- Lobby card
- Directed by: Randall Faye
- Written by: Diana Bourbon V.C. Clinton-Baddeley
- Produced by: Randall Faye
- Starring: Elliott Mason Kathleen Gibson Terence De Marney Eliot Makeham
- Cinematography: Geoffrey Faithfull
- Production company: Randall Faye Productions
- Distributed by: RKO Pictures
- Release date: June 1936;
- Running time: 64 minutes
- Country: United Kingdom
- Language: English

= Born That Way (film) =

1936 British film by Randall Faye

Born That Way is a 1936 British comedy film directed by Randall Faye and starring Elliott Mason, Kathleen Gibson and Terence De Marney. It was written by Diana Bourbon and V.C. Clinton-Baddeley, and made as a quota quickie at the Nettlefold Studios for distribution by RKO Pictures.

== Plot ==
Pamela and Richard Gearing, the children of preoccupied Egyptologist Professor Gearing, are notorious fixtures in the headlines for their reckless antics as members of Mayfair’s "bright Young Things." Reaching his breaking point, their father enlists his sister-in-law, Emily McNeil, a formidable and sharp-witted Scottish woman, to rein them in. Emily employs unconventional tactics to discipline the duo, eventually transforming them into respectable members of society.

== Cast ==
- Elliott Mason as Aunt Emily
- Kathleen Gibson as Pamela Gearing
- Terence De Marney as Richard Gearing
- Eliot Makeham as Prof. Gearing
- Ian Colin as Hugh
- Conway Palmer as Kenneth Danvers
- John Laurie as McTavish

== Reception ==
The Monthly Film Bulletin wrote: "A really funny film ... John Laurie excels and Kathleen Gibson and Terence de Marney make Pamela and Richard maddening and charming at the same time. It is directed with a real sense of humour and the speed is never allowed to slacken. The film's truthful observation of human nature, young and old, will delight the average audience."
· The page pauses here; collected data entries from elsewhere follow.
lemma card_centralizer_pairs_le:
  assumes n: "n \<in> carrier G - group_center G"
  defines "c \<equiv> card (group_center G)" and "h \<equiv> card (carrier G) div 2"
  shows "card (Pow (centralizer G n - group_center G - {n}) \<times> centralizer G n) \<le> 2 ^ (h - c - 1) * h"
proof -
  have "card (centralizer G n - group_center G) = card (centralizer G n) - c"
    unfolding c_def using n
    by (intro card_Diff_subset finite_group_center group_center_subset_centralizer) auto
  then have "card (centralizer G n - group_center G - {n}) = card (centralizer G n) - c - 1"
    using n finite_centralizer by (simp add: card_Diff_singleton centralizer_def)
  moreover have "card (centralizer G n) \<le> h"
    using card_centralizer_bounds(2)[OF n] by (simp add: h_def)
  ultimately show ?thesis
    using finite_centralizer by (simp add: card_cartesian_product card_Pow mult_le_mono power_increasing)
qed

lemma card_class_invariant_image_le:
  defines "c \<equiv> card (group_center G)" and "h \<equiv> card (carrier G) div 2"
  shows "card (class_invariant G ` seqs G)
    \<le> card (carrier G) + c + card (carrier G - group_center G) * (2 ^ (h - c - 1) * h)"
proof -
  define Z where "Z = group_center G"
  define P where "P n = Pow (centralizer G n - Z - {n}) \<times> centralizer G n" for n
  define D1 where "D1 = (\<lambda>x. (None :: 'a set option, {x, eps \<otimes> x})) ` carrier G"
  define D2 where "D2 = (\<lambda>z. (Some ({} :: 'a set), {z})) ` Z"
  define D3 where "D3 = (\<Union>n \<in> carrier G - Z. (\<lambda>(B, x). (Some (insert n B), {x})) ` P n)"
  have fin_D: "finite D1" "finite D2" "finite D3"
    unfolding D1_def D2_def D3_def P_def Z_def
    using finite_carrier finite_group_center finite_centralizer by auto
  have "class_invariant G ` seqs G \<subseteq> D1 \<union> D2 \<union> D3"
  proof
    fix d assume "d \<in> class_invariant G ` seqs G"
    then obtain S where S: "S \<in> seqs G" and d: "d = class_invariant G S"
      by blast
    from S show "d \<in> D1 \<union> D2 \<union> D3"
    proof (cases rule: class_invariant_cases)
      case (noncentral n B x)
      then have "(B, x) \<in> P n"
        by (simp add: P_def Z_def)
      then show ?thesis
        using noncentral by (auto simp: d D3_def Z_def intro!: bexI[of _ n] image_eqI[of _ _ "(B, x)"])
    qed (auto simp: d D1_def D2_def Z_def)
  qed
  then have "card (class_invariant G ` seqs G) \<le> card (D1 \<union> D2 \<union> D3)"
    using fin_D by (intro card_mono) simp_all
  also have "\<dots> \<le> card D1 + card D2 + card D3"
    by (meson add_le_mono card_Un_le le_refl order_trans)
  also have "\<dots> \<le> card (carrier G) + c + card (carrier G - Z) * (2 ^ (h - c - 1) * h)"
  proof -
    have D1: "card D1 \<le> card (carrier G)"
      unfolding D1_def by (rule card_image_le[OF finite_carrier])
    have D2: "card D2 \<le> c"
      unfolding D2_def c_def Z_def by (rule card_image_le[OF finite_group_center])
    have card_P: "card (P n) \<le> 2 ^ (h - c - 1) * h" if "n \<in> carrier G - Z" for n
      using card_centralizer_pairs_le[of n] that by (simp add: P_def Z_def c_def h_def)
    have "card D3 \<le> (\<Sum>n \<in> carrier G - Z. card ((\<lambda>(B, x). (Some (insert n B), {x})) ` P n))"
      unfolding D3_def using finite_carrier by (intro card_UN_le) simp
    also have "\<dots> \<le> (\<Sum>n \<in> carrier G - Z. 2 ^ (h - c - 1) * h)"
      using card_P finite_centralizer by (intro sum_mono order_trans[OF card_image_le]) (auto simp: P_def)
    finally have "card D3 \<le> card (carrier G - Z) * (2 ^ (h - c - 1) * h)"
      by simp
    with D1 D2 show ?thesis
      by linarith
  qed
  finally show ?thesis
    by (simp add: Z_def)
qed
The Daily Film Renter wrote: "Amusing comedy ... It is easily Elliott Mason's film, for this actress, who possesses an attractive Scottish accent, and a quietly effective manner, is in excellent form, bringing great conviction to her role. Kathleen Gibson and Terence de Marney are the recalcitrant youngsters to the life, while Eliot Makeham makes a suitably absent-minded Egyptologist."
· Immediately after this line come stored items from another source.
(* Let $p$ be a nonzero integer and let $d$ be an integer with $d \neq 0$, $d \neq -1$, such that $d$ and $d+1$ are both divisors of $2p$, and such that $2p\left(d + \frac{1}{d}\right)$, $2p\left(d + \frac{1}{d+1}\right)$ and $2p\left(\frac{1}{d} + \frac{d}{d+1}\right)$ are integers. Then $$\left\{-p - 2p\left(d + \frac{1}{d}\right)\right\}^3 + \left\{p + 2p\left(d + \frac{1}{d+1}\right)\right\}^3 + \left\{p + 2p\left(\frac{1}{d} + \frac{d}{d+1}\right)\right\}^3 = 3p^3,$$ so that $3p^3$ is represented as a sum of three integer cubes. *)

theory Defs
  imports Complex_Main
begin

end

theory Submission
  imports Defs
begin

(* Clearing denominators, the three summands are -p(2d^2+d+2)/d, p(2d^2+3d+3)/(d+1) and
   p(3d^2+3d+2)/(d(d+1)), so the identity reduces to one polynomial identity in d.
   Integrality of the three summands is assumed, so the rational identity is one between
   integers. *)

lemma cubic_polynomial_identity:
  fixes d :: "'a::comm_ring_1"
  shows "(2*d^2 + 3*d + 3)^3 * d^3 + (3*d^2 + 3*d + 2)^3
           = (2*d^2 + d + 2)^3 * (d + 1)^3 + 3 * d^3 * (d + 1)^3"
  by (simp add: algebra_simps power2_eq_square power3_eq_cube numeral_eq_Suc)

lemma three_cubes_identity:
  fixes p d :: "'a::field"
  assumes d: "d \<noteq> 0" and d1: "d + 1 \<noteq> 0"
  shows "(- p - 2 * p * (d + 1 / d)) ^ 3 + (p + 2 * p * (d + 1 / (d + 1))) ^ 3
           + (p + 2 * p * (1 / d + d / (d + 1))) ^ 3 = 3 * p ^ 3"
proof -
  have dd1: "d * (d + 1) \<noteq> 0" using d d1 by simp
  have x: "- p - 2 * p * (d + 1 / d) = - (p * (2*d^2 + d + 2) / d)"
    using d by (simp add: field_simps power2_eq_square)
  have y: "p + 2 * p * (d + 1 / (d + 1)) = p * (2*d^2 + 3*d + 3) / (d + 1)"
    using d1 by (simp add: field_simps power2_eq_square)
  have z: "p + 2 * p * (1 / d + d / (d + 1)) = p * (3*d^2 + 3*d + 2) / (d * (d + 1))"
    using d d1 dd1 by (simp add: field_simps power2_eq_square)
  have common_denominator: "(- (a / d)) ^ 3 + (b / e) ^ 3 + (c / (d * e)) ^ 3
      = (b^3 * d^3 + c^3 - a^3 * e^3) / (d^3 * e^3)" if "e \<noteq> 0" for a b c e
    using d that by (simp add: field_simps power_mult_distrib power_divide)
  have "(- (p * (2*d^2 + d + 2) / d)) ^ 3 + (p * (2*d^2 + 3*d + 3) / (d + 1)) ^ 3
          + (p * (3*d^2 + 3*d + 2) / (d * (d + 1))) ^ 3
        = ((p * (2*d^2 + 3*d + 3))^3 * d^3 + (p * (3*d^2 + 3*d + 2))^3
            - (p * (2*d^2 + d + 2))^3 * (d + 1)^3) / (d^3 * (d + 1)^3)"
    by (rule common_denominator[OF d1])
  also have "\<dots> = p^3 * ((2*d^2 + 3*d + 3)^3 * d^3 + (3*d^2 + 3*d + 2)^3
            - (2*d^2 + d + 2)^3 * (d + 1)^3) / (d^3 * (d + 1)^3)"
    by (simp only: power_mult_distrib right_diff_distrib distrib_left[of "p ^ 3"] mult.assoc)
  also have "\<dots> = 3 * p ^ 3"
    using d d1 by (simp add: cubic_polynomial_identity)
  finally show ?thesis by (simp only: x y z)
qed

theorem lemma3p2:
  fixes p d :: int
  assumes "p \<noteq> 0" and "d \<noteq> 0" and "d \<noteq> -1"
    and "d dvd 2 * p" and "(d + 1) dvd 2 * p"
    and "2 * of_int p * (of_int d + 1 / of_int d) \<in> (\<int> :: rat set)"
    and "2 * of_int p * (of_int d + 1 / (of_int d + 1)) \<in> (\<int> :: rat set)"
    and "2 * of_int p * (1 / of_int d + of_int d / (of_int d + 1)) \<in> (\<int> :: rat set)"
  shows "(- of_int p - 2 * of_int p * (of_int d + 1 / of_int d)) ^ 3
         + (of_int p + 2 * of_int p * (of_int d + 1 / (of_int d + 1))) ^ 3
         + (of_int p + 2 * of_int p * (1 / of_int d + of_int d / (of_int d + 1))) ^ 3
         = (3 * of_int p ^ 3 :: rat)
    \<and> (\<exists>x y z :: int. x ^ 3 + y ^ 3 + z ^ 3 = 3 * p ^ 3
         \<and> of_int x = - of_int p - 2 * of_int p * (of_int d + 1 / (of_int d :: rat))
         \<and> of_int y = of_int p + 2 * of_int p * (of_int d + 1 / (of_int d + (1 :: rat)))
         \<and> of_int z = of_int p + 2 * of_int p * (1 / of_int d + of_int d / (of_int d + (1 :: rat))))"
proof -
  have "of_int d \<noteq> (0 :: rat)" "of_int d + 1 \<noteq> (0 :: rat)"
    using assms(2,3) by (simp_all add: add_eq_0_iff)
  note identity = three_cubes_identity[OF this, of "of_int p"]
  have "- of_int p - 2 * of_int p * (of_int d + 1 / of_int d) \<in> (\<int> :: rat set)"
    using assms(6) by simp
  then obtain x where x: "of_int x = - of_int p - 2 * of_int p * (of_int d + 1 / (of_int d :: rat))"
    by (metis Ints_cases)
  have "of_int p + 2 * of_int p * (of_int d + 1 / (of_int d + 1)) \<in> (\<int> :: rat set)"
    using assms(7) by simp
  then obtain y where y: "of_int y = of_int p + 2 * of_int p * (of_int d + 1 / (of_int d + (1 :: rat)))"
    by (metis Ints_cases)
  have "of_int p + 2 * of_int p * (1 / of_int d + of_int d / (of_int d + 1)) \<in> (\<int> :: rat set)"
    using assms(8) by simp
  then obtain z where z: "of_int z = of_int p + 2 * of_int p * (1 / of_int d + of_int d / (of_int d + (1 :: rat)))"
    by (metis Ints_cases)
  have "(of_int (x ^ 3 + y ^ 3 + z ^ 3) :: rat) = of_int (3 * p ^ 3)"
    using identity by (simp add: x y z)
  then have "x ^ 3 + y ^ 3 + z ^ 3 = 3 * p ^ 3"
    by (simp only: of_int_eq_iff)
  with identity x y z show ?thesis by blast
qed

end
Picture Show wrote: "Unpretentious but entertaining story of a hardheaded but warm-hearted Scottish aunt who takes over the supervision of her wayward nephew and niece from her absent-minded brother-in-law, and having accomplished her task, goes back to her own business. Elliott Mason gives a good performance as the canny, dour aunt, and the rest of the cast is competent, with Kathleen Gibson a delightfully wilful niece, Terence de Mamey her somewhat more sullenly inclined brother, and Eliot Makeham as their father. The comedy is adequately directed and set."